** Opening Data to use block **

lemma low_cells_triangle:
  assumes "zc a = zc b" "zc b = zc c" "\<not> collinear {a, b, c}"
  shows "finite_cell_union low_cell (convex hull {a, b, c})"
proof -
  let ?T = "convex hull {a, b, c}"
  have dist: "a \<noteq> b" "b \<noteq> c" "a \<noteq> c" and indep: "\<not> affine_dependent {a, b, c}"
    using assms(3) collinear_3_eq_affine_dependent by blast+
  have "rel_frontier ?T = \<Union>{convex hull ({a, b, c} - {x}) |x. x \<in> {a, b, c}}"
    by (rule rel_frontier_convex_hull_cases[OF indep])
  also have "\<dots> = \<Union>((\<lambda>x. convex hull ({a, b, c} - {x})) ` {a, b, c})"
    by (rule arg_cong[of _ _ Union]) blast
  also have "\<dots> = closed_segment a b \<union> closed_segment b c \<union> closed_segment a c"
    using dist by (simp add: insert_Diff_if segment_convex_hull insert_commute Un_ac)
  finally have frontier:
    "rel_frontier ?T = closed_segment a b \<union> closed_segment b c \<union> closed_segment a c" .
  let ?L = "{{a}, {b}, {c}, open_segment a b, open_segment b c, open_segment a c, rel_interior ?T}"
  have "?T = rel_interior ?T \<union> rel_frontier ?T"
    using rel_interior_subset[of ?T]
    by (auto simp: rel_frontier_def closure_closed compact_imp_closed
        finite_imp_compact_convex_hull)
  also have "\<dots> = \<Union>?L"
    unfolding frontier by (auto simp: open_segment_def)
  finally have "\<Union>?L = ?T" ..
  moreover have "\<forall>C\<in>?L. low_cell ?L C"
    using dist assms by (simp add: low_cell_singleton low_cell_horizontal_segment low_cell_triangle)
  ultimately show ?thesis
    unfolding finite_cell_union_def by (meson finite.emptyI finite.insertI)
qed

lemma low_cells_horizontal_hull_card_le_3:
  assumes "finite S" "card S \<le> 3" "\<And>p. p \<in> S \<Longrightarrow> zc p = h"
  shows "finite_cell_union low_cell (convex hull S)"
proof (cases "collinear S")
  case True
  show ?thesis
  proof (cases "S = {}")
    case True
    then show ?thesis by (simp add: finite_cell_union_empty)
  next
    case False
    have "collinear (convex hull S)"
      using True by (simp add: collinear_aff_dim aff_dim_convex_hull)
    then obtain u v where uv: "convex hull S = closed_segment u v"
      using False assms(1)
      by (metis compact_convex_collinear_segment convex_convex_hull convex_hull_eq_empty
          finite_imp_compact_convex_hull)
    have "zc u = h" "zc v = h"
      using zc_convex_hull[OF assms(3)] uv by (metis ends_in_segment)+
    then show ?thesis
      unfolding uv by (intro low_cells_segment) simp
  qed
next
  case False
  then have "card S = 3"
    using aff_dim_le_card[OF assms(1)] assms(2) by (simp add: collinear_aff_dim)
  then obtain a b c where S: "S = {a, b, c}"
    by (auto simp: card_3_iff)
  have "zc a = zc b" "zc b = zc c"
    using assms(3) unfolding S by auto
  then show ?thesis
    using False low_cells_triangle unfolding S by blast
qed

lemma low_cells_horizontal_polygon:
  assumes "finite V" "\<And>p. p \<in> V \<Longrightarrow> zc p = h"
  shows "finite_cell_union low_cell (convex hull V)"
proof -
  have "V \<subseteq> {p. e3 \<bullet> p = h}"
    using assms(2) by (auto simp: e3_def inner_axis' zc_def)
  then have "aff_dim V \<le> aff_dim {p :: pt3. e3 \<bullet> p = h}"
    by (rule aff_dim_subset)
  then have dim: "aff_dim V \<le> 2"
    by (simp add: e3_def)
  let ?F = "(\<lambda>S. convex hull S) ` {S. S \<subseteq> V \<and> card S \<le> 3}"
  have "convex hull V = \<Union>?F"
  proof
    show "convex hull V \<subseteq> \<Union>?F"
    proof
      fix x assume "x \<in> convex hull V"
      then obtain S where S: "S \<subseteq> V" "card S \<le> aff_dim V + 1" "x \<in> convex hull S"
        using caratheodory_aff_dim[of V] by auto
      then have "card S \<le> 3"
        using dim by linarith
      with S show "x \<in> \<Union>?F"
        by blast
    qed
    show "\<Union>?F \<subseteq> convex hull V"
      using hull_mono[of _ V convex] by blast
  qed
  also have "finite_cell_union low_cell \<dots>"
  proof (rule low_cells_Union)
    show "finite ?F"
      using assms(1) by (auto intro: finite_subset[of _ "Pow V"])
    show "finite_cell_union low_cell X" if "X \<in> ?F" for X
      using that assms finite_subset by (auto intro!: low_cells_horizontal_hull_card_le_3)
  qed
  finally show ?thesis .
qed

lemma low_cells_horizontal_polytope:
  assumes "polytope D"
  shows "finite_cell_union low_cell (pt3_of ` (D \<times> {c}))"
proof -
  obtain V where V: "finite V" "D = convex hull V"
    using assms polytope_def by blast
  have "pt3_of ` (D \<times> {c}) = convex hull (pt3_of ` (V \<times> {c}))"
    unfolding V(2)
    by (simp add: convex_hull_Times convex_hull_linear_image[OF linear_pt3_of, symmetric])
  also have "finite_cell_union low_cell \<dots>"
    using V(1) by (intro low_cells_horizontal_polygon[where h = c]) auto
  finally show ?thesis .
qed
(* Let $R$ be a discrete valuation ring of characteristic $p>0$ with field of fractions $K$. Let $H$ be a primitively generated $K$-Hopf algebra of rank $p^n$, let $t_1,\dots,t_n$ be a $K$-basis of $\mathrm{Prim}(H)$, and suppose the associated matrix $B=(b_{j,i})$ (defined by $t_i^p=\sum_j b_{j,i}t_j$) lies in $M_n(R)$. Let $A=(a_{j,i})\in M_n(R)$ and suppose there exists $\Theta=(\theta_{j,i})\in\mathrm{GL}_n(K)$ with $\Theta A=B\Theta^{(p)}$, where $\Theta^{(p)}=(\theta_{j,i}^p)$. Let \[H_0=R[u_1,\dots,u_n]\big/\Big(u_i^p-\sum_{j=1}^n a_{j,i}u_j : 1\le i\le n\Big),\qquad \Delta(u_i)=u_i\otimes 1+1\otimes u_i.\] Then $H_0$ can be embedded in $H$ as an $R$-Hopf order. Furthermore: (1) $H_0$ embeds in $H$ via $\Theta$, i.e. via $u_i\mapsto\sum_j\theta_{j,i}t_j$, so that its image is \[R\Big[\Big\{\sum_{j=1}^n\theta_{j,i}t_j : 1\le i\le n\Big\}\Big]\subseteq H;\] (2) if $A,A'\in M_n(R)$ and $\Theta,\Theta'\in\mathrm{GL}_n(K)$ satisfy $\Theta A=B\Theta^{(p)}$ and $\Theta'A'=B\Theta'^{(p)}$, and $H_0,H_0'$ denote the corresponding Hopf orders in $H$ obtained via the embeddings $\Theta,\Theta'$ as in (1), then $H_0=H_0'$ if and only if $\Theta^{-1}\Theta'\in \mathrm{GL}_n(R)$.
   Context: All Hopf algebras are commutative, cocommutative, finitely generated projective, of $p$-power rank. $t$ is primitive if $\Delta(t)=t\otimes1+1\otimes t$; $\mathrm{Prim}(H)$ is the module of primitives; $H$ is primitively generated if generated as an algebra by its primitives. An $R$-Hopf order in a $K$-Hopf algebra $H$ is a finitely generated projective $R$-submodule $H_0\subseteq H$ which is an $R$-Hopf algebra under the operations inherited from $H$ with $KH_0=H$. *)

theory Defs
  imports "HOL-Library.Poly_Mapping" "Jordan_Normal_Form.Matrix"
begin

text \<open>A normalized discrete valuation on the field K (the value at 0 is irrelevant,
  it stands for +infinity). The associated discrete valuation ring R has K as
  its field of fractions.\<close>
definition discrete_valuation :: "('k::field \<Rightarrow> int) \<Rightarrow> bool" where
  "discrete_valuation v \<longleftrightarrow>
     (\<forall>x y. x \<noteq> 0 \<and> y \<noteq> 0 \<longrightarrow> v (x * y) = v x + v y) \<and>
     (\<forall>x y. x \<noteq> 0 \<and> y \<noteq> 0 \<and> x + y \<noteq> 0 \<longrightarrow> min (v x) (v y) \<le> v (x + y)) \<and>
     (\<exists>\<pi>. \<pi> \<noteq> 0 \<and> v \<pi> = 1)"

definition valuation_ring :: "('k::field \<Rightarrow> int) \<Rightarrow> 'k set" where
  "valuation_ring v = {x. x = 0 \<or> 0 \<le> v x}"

** Closing Data to use block **

(Task to complete): Your answer must be the number of lines above that contain the word "intro", stated alone.

(Result of this task): 4